··· Exercise data ···
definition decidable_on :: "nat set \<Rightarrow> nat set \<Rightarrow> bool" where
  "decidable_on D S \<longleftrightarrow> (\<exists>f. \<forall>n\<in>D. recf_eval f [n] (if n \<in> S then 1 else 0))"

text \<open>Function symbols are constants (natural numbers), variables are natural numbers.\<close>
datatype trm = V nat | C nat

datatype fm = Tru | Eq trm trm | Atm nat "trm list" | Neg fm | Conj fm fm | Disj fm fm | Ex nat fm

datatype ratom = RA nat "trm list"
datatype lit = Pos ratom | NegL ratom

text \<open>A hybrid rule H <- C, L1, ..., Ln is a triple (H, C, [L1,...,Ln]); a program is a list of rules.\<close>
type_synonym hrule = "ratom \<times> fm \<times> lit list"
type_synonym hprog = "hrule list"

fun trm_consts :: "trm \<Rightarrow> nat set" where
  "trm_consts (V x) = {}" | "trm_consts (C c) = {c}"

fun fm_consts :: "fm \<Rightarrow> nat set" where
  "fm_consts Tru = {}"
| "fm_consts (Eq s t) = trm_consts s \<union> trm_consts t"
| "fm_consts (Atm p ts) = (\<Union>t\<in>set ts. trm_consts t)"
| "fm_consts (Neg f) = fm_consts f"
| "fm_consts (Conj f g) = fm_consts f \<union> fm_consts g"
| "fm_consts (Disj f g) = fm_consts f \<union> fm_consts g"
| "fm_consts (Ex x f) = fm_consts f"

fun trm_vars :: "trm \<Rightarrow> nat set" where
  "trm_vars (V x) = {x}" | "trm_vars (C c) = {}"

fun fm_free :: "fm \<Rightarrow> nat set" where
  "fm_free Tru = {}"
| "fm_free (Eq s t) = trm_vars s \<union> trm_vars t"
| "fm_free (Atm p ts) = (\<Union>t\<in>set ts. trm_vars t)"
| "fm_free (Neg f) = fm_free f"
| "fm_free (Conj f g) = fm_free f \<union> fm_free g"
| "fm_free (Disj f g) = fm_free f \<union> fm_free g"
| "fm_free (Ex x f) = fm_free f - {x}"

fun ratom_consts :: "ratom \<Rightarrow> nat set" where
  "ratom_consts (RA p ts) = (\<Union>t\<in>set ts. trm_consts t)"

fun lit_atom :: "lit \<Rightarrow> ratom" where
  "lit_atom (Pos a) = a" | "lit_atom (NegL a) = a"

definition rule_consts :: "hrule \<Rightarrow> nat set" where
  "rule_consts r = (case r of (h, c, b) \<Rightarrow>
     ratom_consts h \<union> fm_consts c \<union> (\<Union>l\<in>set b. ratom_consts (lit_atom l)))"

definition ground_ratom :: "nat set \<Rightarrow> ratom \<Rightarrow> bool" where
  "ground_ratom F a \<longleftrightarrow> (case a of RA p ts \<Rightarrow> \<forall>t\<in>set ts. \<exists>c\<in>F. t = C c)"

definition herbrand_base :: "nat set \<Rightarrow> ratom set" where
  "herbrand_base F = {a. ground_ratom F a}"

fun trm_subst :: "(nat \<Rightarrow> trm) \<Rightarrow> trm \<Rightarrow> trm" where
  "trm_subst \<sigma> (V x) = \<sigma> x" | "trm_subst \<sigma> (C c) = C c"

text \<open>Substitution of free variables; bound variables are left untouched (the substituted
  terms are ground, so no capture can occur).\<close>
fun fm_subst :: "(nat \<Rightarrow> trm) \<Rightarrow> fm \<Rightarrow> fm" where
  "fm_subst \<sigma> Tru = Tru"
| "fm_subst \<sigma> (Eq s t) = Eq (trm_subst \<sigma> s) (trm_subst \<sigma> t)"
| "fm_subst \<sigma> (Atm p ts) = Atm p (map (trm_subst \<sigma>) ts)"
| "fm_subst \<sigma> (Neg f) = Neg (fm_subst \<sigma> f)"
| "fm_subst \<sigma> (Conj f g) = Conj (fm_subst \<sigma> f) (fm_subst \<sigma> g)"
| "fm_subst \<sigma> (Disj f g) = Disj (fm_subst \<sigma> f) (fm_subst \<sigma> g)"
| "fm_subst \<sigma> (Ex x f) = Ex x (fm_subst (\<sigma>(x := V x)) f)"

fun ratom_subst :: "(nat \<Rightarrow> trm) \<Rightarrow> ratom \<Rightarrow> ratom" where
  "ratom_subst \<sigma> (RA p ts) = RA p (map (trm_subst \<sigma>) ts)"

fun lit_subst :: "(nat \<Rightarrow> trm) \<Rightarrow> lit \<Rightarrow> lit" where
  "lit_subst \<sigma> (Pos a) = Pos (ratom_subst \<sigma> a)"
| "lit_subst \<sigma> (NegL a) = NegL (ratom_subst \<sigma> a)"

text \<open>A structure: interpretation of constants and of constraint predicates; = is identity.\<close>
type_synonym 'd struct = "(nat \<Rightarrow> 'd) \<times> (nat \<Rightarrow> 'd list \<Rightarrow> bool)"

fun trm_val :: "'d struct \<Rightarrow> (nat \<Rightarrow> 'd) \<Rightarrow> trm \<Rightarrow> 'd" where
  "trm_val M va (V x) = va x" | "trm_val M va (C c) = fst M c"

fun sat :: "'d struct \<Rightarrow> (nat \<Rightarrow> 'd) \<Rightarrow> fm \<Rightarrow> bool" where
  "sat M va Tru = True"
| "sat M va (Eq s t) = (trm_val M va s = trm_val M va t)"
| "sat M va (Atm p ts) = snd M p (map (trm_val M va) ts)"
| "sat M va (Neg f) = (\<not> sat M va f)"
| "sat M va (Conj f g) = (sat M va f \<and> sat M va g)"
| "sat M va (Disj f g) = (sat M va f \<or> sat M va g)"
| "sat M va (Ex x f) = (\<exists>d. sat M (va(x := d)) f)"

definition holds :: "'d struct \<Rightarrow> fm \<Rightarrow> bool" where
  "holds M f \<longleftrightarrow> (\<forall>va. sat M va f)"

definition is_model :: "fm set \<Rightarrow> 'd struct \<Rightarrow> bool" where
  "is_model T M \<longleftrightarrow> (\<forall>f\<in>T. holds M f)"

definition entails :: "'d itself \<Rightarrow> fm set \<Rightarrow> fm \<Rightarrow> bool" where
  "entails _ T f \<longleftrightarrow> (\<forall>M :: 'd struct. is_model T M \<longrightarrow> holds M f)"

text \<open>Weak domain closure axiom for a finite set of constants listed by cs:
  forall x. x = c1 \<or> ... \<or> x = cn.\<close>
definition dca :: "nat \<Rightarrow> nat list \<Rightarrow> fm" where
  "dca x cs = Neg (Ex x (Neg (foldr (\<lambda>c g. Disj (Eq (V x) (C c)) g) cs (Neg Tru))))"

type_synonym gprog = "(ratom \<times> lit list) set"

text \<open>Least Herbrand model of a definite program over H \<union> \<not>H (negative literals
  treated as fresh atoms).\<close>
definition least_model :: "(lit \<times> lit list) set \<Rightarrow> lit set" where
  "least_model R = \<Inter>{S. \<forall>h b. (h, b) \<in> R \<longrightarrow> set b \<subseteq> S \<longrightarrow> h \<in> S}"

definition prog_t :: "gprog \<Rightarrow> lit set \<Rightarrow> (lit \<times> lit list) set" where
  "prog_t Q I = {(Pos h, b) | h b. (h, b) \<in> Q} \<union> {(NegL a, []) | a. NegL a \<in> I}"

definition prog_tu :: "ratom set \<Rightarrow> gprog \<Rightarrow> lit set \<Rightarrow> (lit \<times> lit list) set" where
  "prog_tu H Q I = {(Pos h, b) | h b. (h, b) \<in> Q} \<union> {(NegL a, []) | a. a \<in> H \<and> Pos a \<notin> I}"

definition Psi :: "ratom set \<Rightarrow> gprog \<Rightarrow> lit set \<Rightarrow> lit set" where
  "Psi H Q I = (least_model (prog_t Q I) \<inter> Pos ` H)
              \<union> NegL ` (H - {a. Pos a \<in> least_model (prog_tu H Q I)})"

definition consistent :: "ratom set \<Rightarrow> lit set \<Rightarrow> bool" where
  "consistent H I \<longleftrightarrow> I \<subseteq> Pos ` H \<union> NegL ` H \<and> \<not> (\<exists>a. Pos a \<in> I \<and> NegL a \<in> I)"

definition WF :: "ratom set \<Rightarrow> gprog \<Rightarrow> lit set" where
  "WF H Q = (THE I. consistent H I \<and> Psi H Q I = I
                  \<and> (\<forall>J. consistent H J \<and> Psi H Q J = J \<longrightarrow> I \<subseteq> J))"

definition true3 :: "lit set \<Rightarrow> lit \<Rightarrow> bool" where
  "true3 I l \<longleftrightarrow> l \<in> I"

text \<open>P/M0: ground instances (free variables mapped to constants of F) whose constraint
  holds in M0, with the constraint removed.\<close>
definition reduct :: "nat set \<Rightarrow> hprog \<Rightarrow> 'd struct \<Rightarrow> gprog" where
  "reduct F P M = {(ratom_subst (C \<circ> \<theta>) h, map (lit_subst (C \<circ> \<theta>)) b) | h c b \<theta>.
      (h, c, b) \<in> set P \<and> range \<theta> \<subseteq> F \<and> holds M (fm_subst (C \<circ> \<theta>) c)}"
···
Your goal: Give only the number of lines in the records that contain the string "NegL".

Task response: 7